Murray took me off and began warming up to the hot-aches and the Second. I ate all my wine gums and left an orange one on a ledge for the next leader. Murray coped fine and found it all steady, slowing at the traverse to be precise and take it in a little more than I managed. He quickly led through the bold wee second pitch to the side of the big icy snot of the top ice pitch. It was Murray’s big lead now and my turn to feel relieved and relax on the belay, look around a bit. Jesus, was this in the bag already? Murray hacked away at the poor ice at the bottom until he found a good hex to take the fear out of the belay, then he tapped in the axes high up on the first overhung bulge of ice and pulled up strongly.

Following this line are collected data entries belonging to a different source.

(* Let $G=(V,E)$ be a control flow graph and $p\in V$ a predicate node. For each maximal path from $p$ in $G$ there exists a maximal path from $p$ in $A_p$ with the same order of the first occurrences of all nodes from $V_p$, and vice versa (for each maximal path from $p$ in $A_p$ there exists a maximal path from $p$ in $G$ with the same order of the first occurrences of all nodes from $V_p$).
   Context: A control flow graph (CFG) is a finite directed graph $G=(V,E)$ in which every node has at most two outgoing edges; nodes with exactly two outgoing edges are predicate nodes. A path from $n_1$ is a nonempty finite or infinite sequence $n_1n_2\ldots$ of nodes with each adjacent pair an edge; it is maximal if it is infinite or its last node has no successor. For a node $p$, $V_p$ is the set of nodes occurring on all maximal paths from $p$ in $G$ (so $p\in V_p$). For $V'\subseteq V$, a $V'$-interval from $x$ to $y$ is a finite path $n_1\ldots n_k$ in $G$ with $k\ge 2$, $n_1=x\in V'$, $n_k=y\in V'$, and $n_i\notin V'$ for all $1<i<k$. $A_p$ is the directed graph with node set $V_p$ and an edge $(x,y)$ iff there is a $V_p$-interval from $x$ to $y$ in $G$. Paths and maximal paths in $A_p$ are defined as in $G$. *)

theory Defs
  imports Main
begin

datatype 'a path = FinP "'a list" | InfP "nat \<Rightarrow> 'a"

definition cfg :: "'a set \<Rightarrow> ('a \<times> 'a) set \<Rightarrow> bool" where
  "cfg V E \<longleftrightarrow> finite V \<and> E \<subseteq> V \<times> V \<and> (\<forall>n\<in>V. card {m. (n, m) \<in> E} \<le> 2)"

definition predicate_node :: "('a \<times> 'a) set \<Rightarrow> 'a \<Rightarrow> bool" where
  "predicate_node E n \<longleftrightarrow> card {m. (n, m) \<in> E} = 2"

fun is_path :: "('a \<times> 'a) set \<Rightarrow> 'a path \<Rightarrow> bool" where
  "is_path E (FinP xs) \<longleftrightarrow> xs \<noteq> [] \<and> (\<forall>i. Suc i < length xs \<longrightarrow> (xs ! i, xs ! Suc i) \<in> E)"
| "is_path E (InfP f) \<longleftrightarrow> (\<forall>i. (f i, f (Suc i)) \<in> E)"

fun start :: "'a path \<Rightarrow> 'a" where
  "start (FinP xs) = hd xs"
| "start (InfP f) = f 0"

fun valid_pos :: "'a path \<Rightarrow> nat \<Rightarrow> bool" where
  "valid_pos (FinP xs) i \<longleftrightarrow> i < length xs"
| "valid_pos (InfP f) i \<longleftrightarrow> True"

fun node_at :: "'a path \<Rightarrow> nat \<Rightarrow> 'a" where
  "node_at (FinP xs) i = xs ! i"
| "node_at (InfP f) i = f i"

definition path_nodes :: "'a path \<Rightarrow> 'a set" where
  "path_nodes \<pi> = {node_at \<pi> i | i. valid_pos \<pi> i}"

fun maximal_path :: "('a \<times> 'a) set \<Rightarrow> 'a path \<Rightarrow> bool" where
  "maximal_path E (FinP xs) \<longleftrightarrow> is_path E (FinP xs) \<and> (\<forall>y. (last xs, y) \<notin> E)"
| "maximal_path E (InfP f) \<longleftrightarrow> is_path E (InfP f)"

definition Vp :: "'a set \<Rightarrow> ('a \<times> 'a) set \<Rightarrow> 'a \<Rightarrow> 'a set" where
  "Vp V E p = {v \<in> V. \<forall>\<pi>. maximal_path E \<pi> \<and> start \<pi> = p \<longrightarrow> v \<in> path_nodes \<pi>}"

definition is_interval :: "('a \<times> 'a) set \<Rightarrow> 'a set \<Rightarrow> 'a \<Rightarrow> 'a \<Rightarrow> 'a list \<Rightarrow> bool" where
  "is_interval E V' x y xs \<longleftrightarrow> is_path E (FinP xs) \<and> length xs \<ge> 2 \<and>
     hd xs = x \<and> x \<in> V' \<and> last xs = y \<and> y \<in> V' \<and>
     (\<forall>i. 0 < i \<and> i < length xs - 1 \<longrightarrow> xs ! i \<notin> V')"

text \<open>Edges of A_p (its node set is Vp V E p).\<close>
definition Ap_edges :: "'a set \<Rightarrow> ('a \<times> 'a) set \<Rightarrow> 'a \<Rightarrow> ('a \<times> 'a) set" where
  "Ap_edges V E p = {(x, y). \<exists>xs. is_interval E (Vp V E p) x y xs}"

definition first_occ :: "'a path \<Rightarrow> 'a \<Rightarrow> nat" where
  "first_occ \<pi> x = (LEAST i. valid_pos \<pi> i \<and> node_at \<pi> i = x)"

text \<open>Equality of these relations means the same nodes
  of S occur and their first occurrences appear in the same order.\<close>
definition first_occ_order :: "'a set \<Rightarrow> 'a path \<Rightarrow> ('a \<times> 'a) set" where
  "first_occ_order S \<pi> = {(x, y). x \<in> S \<and> y \<in> S \<and> x \<in> path_nodes \<pi> \<and> y \<in> path_nodes \<pi>
       \<and> first_occ \<pi> x \<le> first_occ \<pi> y}"

end

theory Submission
  imports Defs
begin
(* Let $\ell\in\{1,2\}$ and let ${\cal H}\subset{\cal H}_0$, $a_\ell$, $C_{{\rm G1},\ell}$, $C_{{\rm G2},\ell}$, ${\mathcal A}_\ell$ be as in the context (the standing assumptions there hold), and let $0<C_{{\rm qo},\ell}<\infty$. Let $({\cal H}_N)_{N=0}^\infty$ be a sequence of finite-dimensional subspaces of ${\cal H}$ such that, for every $N$ and every $f\in{\cal H}_0$, the Galerkin solution $u_N\in{\cal H}_N$ of $a_\ell(u_N,v_N)=(f,v_N)_{{\cal H}_0}$ for all $v_N\in{\cal H}_N$ exists, is unique, and satisfies $$\|u-u_N\|_{{\cal H}}\le C_{{\rm qo},\ell}\|(I-\Pi_N)u\|_{{\cal H}},$$ where $\Pi_N:{\cal H}\to{\cal H}_N$ is the ${\cal H}$-orthogonal projection and $u\in{\cal H}$ is the solution of $a_\ell(u,v)=(f,v)_{{\cal H}_0}$ for all $v\in{\cal H}$. Then for every $N$, $$\inf_{u_N\in{\cal H}_N\setminus\{0\}}\sup_{v_N\in{\cal H}_N\setminus\{0\}}\frac{|a_\ell(u_N,v_N)|}{\|u_N\|_{{\cal H}}\|v_N\|_{{\cal H}}}\ge\frac{1}{(C_{{\rm G1},\ell})^{-1}\Big(1+C_{{\rm G2},\ell}(1+C_{{\rm qo},\ell})\|{\mathcal A}_\ell^{-1}\|_{{\cal H}_0\to{\cal H}}\Big)}.$$
   Context: Standing assumptions: ${\cal H}\subset{\cal H}_0$ are complex Hilbert spaces with $\|v\|_{{\cal H}_0}\le\|v\|_{{\cal H}}$ for $v\in{\cal H}$, and ${\cal H}_0$ is identified with its dual so that ${\cal H}\subset{\cal H}_0\subset{\cal H}^*$. ${\mathcal D}:{\cal H}\to{\cal H}_0$ is linear with $\|{\mathcal D}\|_{{\cal H}\to{\cal H}_0}\le 1$; $b(\cdot,\cdot)$ is a continuous sesquilinear form on ${\cal H}$; for $\ell=1,2$, $\mu_\ell^{-1}:{\cal H}_0\to{\cal H}_0$ and $\epsilon_\ell:{\cal H}_0\to{\cal H}_0$ are bounded linear operators, and $a_\ell(u,v):=(\mu_\ell^{-1}{\mathcal D}u,{\mathcal D}v)_{{\cal H}_0}+b(u,v)-(\epsilon_\ell u,v)_{{\cal H}_0}$. For $\ell=1,2$ there exist $C_{{\rm G1},\ell},C_{{\rm G2},\ell}>0$ with $|a_\ell(v,v)+C_{{\rm G2},\ell}\|v\|_{{\cal H}_0}^2|\ge C_{{\rm G1},\ell}\|v\|_{{\cal H}}^2$ for all $v\in{\cal H}$. ${\mathcal A}_\ell:{\cal H}\to{\cal H}^*$ is defined by $\langle{\mathcal A}_\ell u,v\rangle_{{\cal H}^*\times{\cal H}}=a_\ell(u,v)$, and $\|{\mathcal A}_\ell^{-1}\|_{{\cal H}_0\to{\cal H}}$ is the norm of the solution map $f\mapsto u$ from ${\cal H}_0$ to ${\cal H}$. *)

theory Defs
  imports "HOL-Analysis.Analysis"
begin
(* Consider a sovereign ZK rollup and suppose the recursive proof system used by the rollup is complete and sound. Then, if a claimed state root for a new rollup block is accepted by a light client, it is the valid state root corresponding to the sequence of transactions within the latest rollup block and its prefix with overwhelming probability.
   Context: A rollup's parent chain is a blockchain that orders rollup transactions (without executing them); full nodes group the rollup transactions into a chain of rollup blocks, each with a transaction root and a state root, where the state root of a block is the binding commitment $\langle\delta^*(\mathsf{st}_0,\overline{\mathrm{tx}})\rangle$ to the state obtained by applying, via the transition function $\delta$ starting from the genesis state $\mathsf{st}_0$, all transactions $\overline{\mathrm{tx}}$ in the block and its prefix. In a sovereign ZK rollup there is no contract on the parent chain checking the state; full nodes maintain a root (commitment) of the whole rollup transaction history and a recursive validity proof, and a light client queried for the latest state root receives from a full node the claimed state root, the claimed root of the transaction history and a proof, which it verifies using as public inputs these two roots and selected rollup data on the parent chain; it accepts the state root iff the proof verifies. The recursive proof system is complete if the verifier always accepts proofs for valid roots, and sound if no PPT adversary can produce an accepted proof for an invalid root except with probability negligible in the security parameter $\lambda$. "Overwhelming probability" means except with probability negligible in $\lambda$. *)

theory Defs
  imports "HOL-Probability.Probability_Mass_Function"
begin

definition negligible :: "(nat \<Rightarrow> real) \<Rightarrow> bool" where
  "negligible f \<longleftrightarrow> (\<forall>c::nat. \<exists>N. \<forall>n\<ge>N. \<bar>f n\<bar> \<le> 1 / real n ^ c)"

definition delta_star :: "('st \<Rightarrow> 'tx \<Rightarrow> 'st) \<Rightarrow> 'st \<Rightarrow> 'tx list \<Rightarrow> 'st" where
  "delta_star \<delta> st0 txs = foldl \<delta> st0 txs"

(* The valid state root of the latest rollup block determined by the parent-chain
   data d: commitment (at security parameter n) to delta^*(st0, txs_of d), where
   txs_of d is the sequence of rollup transactions in the latest rollup block
   and its prefix. *)
definition valid_state_root ::
  "(nat \<Rightarrow> 'st \<Rightarrow> 'c) \<Rightarrow> ('st \<Rightarrow> 'tx \<Rightarrow> 'st) \<Rightarrow> 'st \<Rightarrow> ('d \<Rightarrow> 'tx list)
   \<Rightarrow> nat \<Rightarrow> 'd \<Rightarrow> 'c" where
  "valid_state_root commit \<delta> st0 txs_of n d = commit n (delta_star \<delta> st0 (txs_of d))"

definition valid_hist_root ::
  "(nat \<Rightarrow> 'tx list \<Rightarrow> 'h) \<Rightarrow> ('d \<Rightarrow> 'tx list) \<Rightarrow> nat \<Rightarrow> 'd \<Rightarrow> 'h" where
  "valid_hist_root hcommit txs_of n d = hcommit n (txs_of d)"

definition valid_roots ::
  "(nat \<Rightarrow> 'st \<Rightarrow> 'c) \<Rightarrow> (nat \<Rightarrow> 'tx list \<Rightarrow> 'h) \<Rightarrow> ('st \<Rightarrow> 'tx \<Rightarrow> 'st) \<Rightarrow> 'st
   \<Rightarrow> ('d \<Rightarrow> 'tx list) \<Rightarrow> nat \<Rightarrow> 'd \<Rightarrow> 'c \<Rightarrow> 'h \<Rightarrow> bool" where
  "valid_roots commit hcommit \<delta> st0 txs_of n d sr hr \<longleftrightarrow>
     sr = valid_state_root commit \<delta> st0 txs_of n d \<and> hr = valid_hist_root hcommit txs_of n d"

definition light_client_accepts ::
  "(nat \<Rightarrow> 'c \<Rightarrow> 'h \<Rightarrow> 'd \<Rightarrow> 'p \<Rightarrow> bool) \<Rightarrow> nat \<Rightarrow> 'd \<Rightarrow> 'c \<Rightarrow> 'h \<Rightarrow> 'p \<Rightarrow> bool" where
  "light_client_accepts Verify n d sr hr p \<longleftrightarrow> Verify n sr hr d p"

definition rps_complete ::
  "(nat \<Rightarrow> 'c \<Rightarrow> 'h \<Rightarrow> 'd \<Rightarrow> 'p \<Rightarrow> bool) \<Rightarrow> (nat \<Rightarrow> 'd \<Rightarrow> 'p)
   \<Rightarrow> (nat \<Rightarrow> 'st \<Rightarrow> 'c) \<Rightarrow> (nat \<Rightarrow> 'tx list \<Rightarrow> 'h) \<Rightarrow> ('st \<Rightarrow> 'tx \<Rightarrow> 'st) \<Rightarrow> 'st
   \<Rightarrow> ('d \<Rightarrow> 'tx list) \<Rightarrow> bool" where
  "rps_complete Verify Prove commit hcommit \<delta> st0 txs_of \<longleftrightarrow>
     (\<forall>n d. Verify n (valid_state_root commit \<delta> st0 txs_of n d)
                      (valid_hist_root hcommit txs_of n d) d (Prove n d))"

(* Soundness: for every PPT adversary (the abstract class PPT), which on security
   parameter n outputs a distribution over (parent-chain data, claimed state root,
   claimed history root, proof), the probability of an accepted proof for invalid
   roots is negligible. *)
definition rps_sound ::
  "(nat \<Rightarrow> ('d \<times> 'c \<times> 'h \<times> 'p) pmf) set \<Rightarrow> (nat \<Rightarrow> 'c \<Rightarrow> 'h \<Rightarrow> 'd \<Rightarrow> 'p \<Rightarrow> bool)
   \<Rightarrow> (nat \<Rightarrow> 'st \<Rightarrow> 'c) \<Rightarrow> (nat \<Rightarrow> 'tx list \<Rightarrow> 'h) \<Rightarrow> ('st \<Rightarrow> 'tx \<Rightarrow> 'st) \<Rightarrow> 'st
   \<Rightarrow> ('d \<Rightarrow> 'tx list) \<Rightarrow> bool" where
  "rps_sound PPT Verify commit hcommit \<delta> st0 txs_of \<longleftrightarrow>
     (\<forall>A\<in>PPT. negligible (\<lambda>n. measure_pmf.prob (A n)
        {(d, sr, hr, p). Verify n sr hr d p \<and>
                         \<not> valid_roots commit hcommit \<delta> st0 txs_of n d sr hr}))"

end

theory Submission
  imports Defs
begin

(* An accepted proof for a wrong state root is in particular an accepted proof for
   an invalid pair of roots, so the light client's failure probability is bounded by
   the soundness error of the proof system, which is negligible. *)

lemma negligible_mono:
  assumes "negligible g" and "\<And>n. \<bar>f n\<bar> \<le> \<bar>g n\<bar>"
  shows "negligible f"
  unfolding negligible_def
proof
  fix c :: nat
  obtain N where "\<forall>n\<ge>N. \<bar>g n\<bar> \<le> 1 / real n ^ c"
    using assms(1) unfolding negligible_def by blast
  then have "\<forall>n\<ge>N. \<bar>f n\<bar> \<le> 1 / real n ^ c"
    using assms(2) order_trans by blast
  then show "\<exists>N. \<forall>n\<ge>N. \<bar>f n\<bar> \<le> 1 / real n ^ c" ..
qed

lemma accepted_invalid_state_root_subset_accepted_invalid_roots:
  "{(d, sr, hr, p). light_client_accepts Verify n d sr hr p \<and>
                    sr \<noteq> valid_state_root commit \<delta> st0 txs_of n d}
   \<subseteq> {(d, sr, hr, p). Verify n sr hr d p \<and>
                    \<not> valid_roots commit hcommit \<delta> st0 txs_of n d sr hr}"
  by (auto simp: light_client_accepts_def valid_roots_def)

theorem lemma4:
  fixes PPT :: "(nat \<Rightarrow> ('d \<times> 'c \<times> 'h \<times> 'p) pmf) set"
    and Verify :: "nat \<Rightarrow> 'c \<Rightarrow> 'h \<Rightarrow> 'd \<Rightarrow> 'p \<Rightarrow> bool"
    and Prove :: "nat \<Rightarrow> 'd \<Rightarrow> 'p"
    and commit :: "nat \<Rightarrow> 'st \<Rightarrow> 'c"
    and hcommit :: "nat \<Rightarrow> 'tx list \<Rightarrow> 'h"
    and \<delta> :: "'st \<Rightarrow> 'tx \<Rightarrow> 'st"
    and st0 :: 'st
    and txs_of :: "'d \<Rightarrow> 'tx list"
  assumes "rps_complete Verify Prove commit hcommit \<delta> st0 txs_of"
    and "rps_sound PPT Verify commit hcommit \<delta> st0 txs_of"
  shows "\<forall>A\<in>PPT. negligible (\<lambda>n. measure_pmf.prob (A n)
           {(d, sr, hr, p). light_client_accepts Verify n d sr hr p \<and>
                            sr \<noteq> valid_state_root commit \<delta> st0 txs_of n d})"
proof
  fix A assume "A \<in> PPT"
  let ?accepted_wrong_state_root = "\<lambda>n. {(d, sr, hr, p). light_client_accepts Verify n d sr hr p \<and>
                            sr \<noteq> valid_state_root commit \<delta> st0 txs_of n d}"
  let ?accepted_invalid_roots = "\<lambda>n. {(d, sr, hr, p). Verify n sr hr d p \<and>
                            \<not> valid_roots commit hcommit \<delta> st0 txs_of n d sr hr}"
  have "negligible (\<lambda>n. measure_pmf.prob (A n) (?accepted_invalid_roots n))"
    using \<open>A \<in> PPT\<close> assms(2) unfolding rps_sound_def by blast
  moreover have "\<bar>measure_pmf.prob (A n) (?accepted_wrong_state_root n)\<bar>
      \<le> \<bar>measure_pmf.prob (A n) (?accepted_invalid_roots n)\<bar>" for n
    using measure_pmf.finite_measure_mono[OF
        accepted_invalid_state_root_subset_accepted_invalid_roots]
    by simp
  ultimately show "negligible (\<lambda>n. measure_pmf.prob (A n) (?accepted_wrong_state_root n))"
    by (rule negligible_mono)
qed

end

The crampons broke away more ice and he had to scrape up to get established, banged in a screw and, though I couldn’t see him anymore, I felt the slack pause on the rope as he looked up.

That awful testing silence of observation, as fear bloomed once again.

Murray proceeded upwards in starts, great hunks of ice whistling out of the corner to my right and thumping on the snow below. I tensed each time, thinking he was off, but it was only ice. Spindrift rained down occasionally, like hundreds and thousands - pin-pricking bits of cold round my wrists. Murray occasionally spoke to himself. After another age, the rope came tight and I rushed curiously over to the hanging groove. Bloody hell, it was steep! I followed up, my glasses incomprehensible with melted spindrift, blood marks everywhere, the occasional tied-off screw, awkward body-positions, hunting pecks with the axes, and the constant rubric of ‘Jesus, bold!’ in my head. When I pulled through the tiny snow cornice at the top, I slapped Murray on the back and we shook hands with nervous laughter, as though we’d just been let off with a misdemeanour, or played with a brother’s special toy while he was out.

It was only while slurping peppery soup in a bergschrund below the cliffs when we realised we’d caught the mountain unawares and stolen something rather special: something we didn’t know we were allowed to steal, or able to steal, or if we had ever really conceived of stealing.

But there it was. Somehow, we had found the strength to let go.

That was a time of limits, today is a time of gathering strengths learnt, exercising composure and breathing the whole day in with one breath rather than a thousand fear-filled arpeggios of life. Sean follows up the icefall, hacking with animal enthusiasm and whoops of joy, staining the ice with bloody knuckles. We smile all the way up the Salamander, the cliff is silent bar the odd tinkle of sun-melt ice, we lie on the summit in the snow and are thankful for such days, melding into each other in the memory, there is almost a silent utterance of disbelief in the sky. Like a pause between synapses before they fire again. They do and we are off back down the Coire for a pint in the Invervey, Sean inspecting his knuckles, I eating Pea and Ham Soup noisily. We are not thinking about anything in particluar, each day in the mountains finds its own cadence, each its own timbre, each day lets go in its own way... I recall Murray and wonder what he is up to now, what millions of decision trails have led him to... I know, somehow deeply, memory upon memory is layered down entirely by accident and we can only will it so.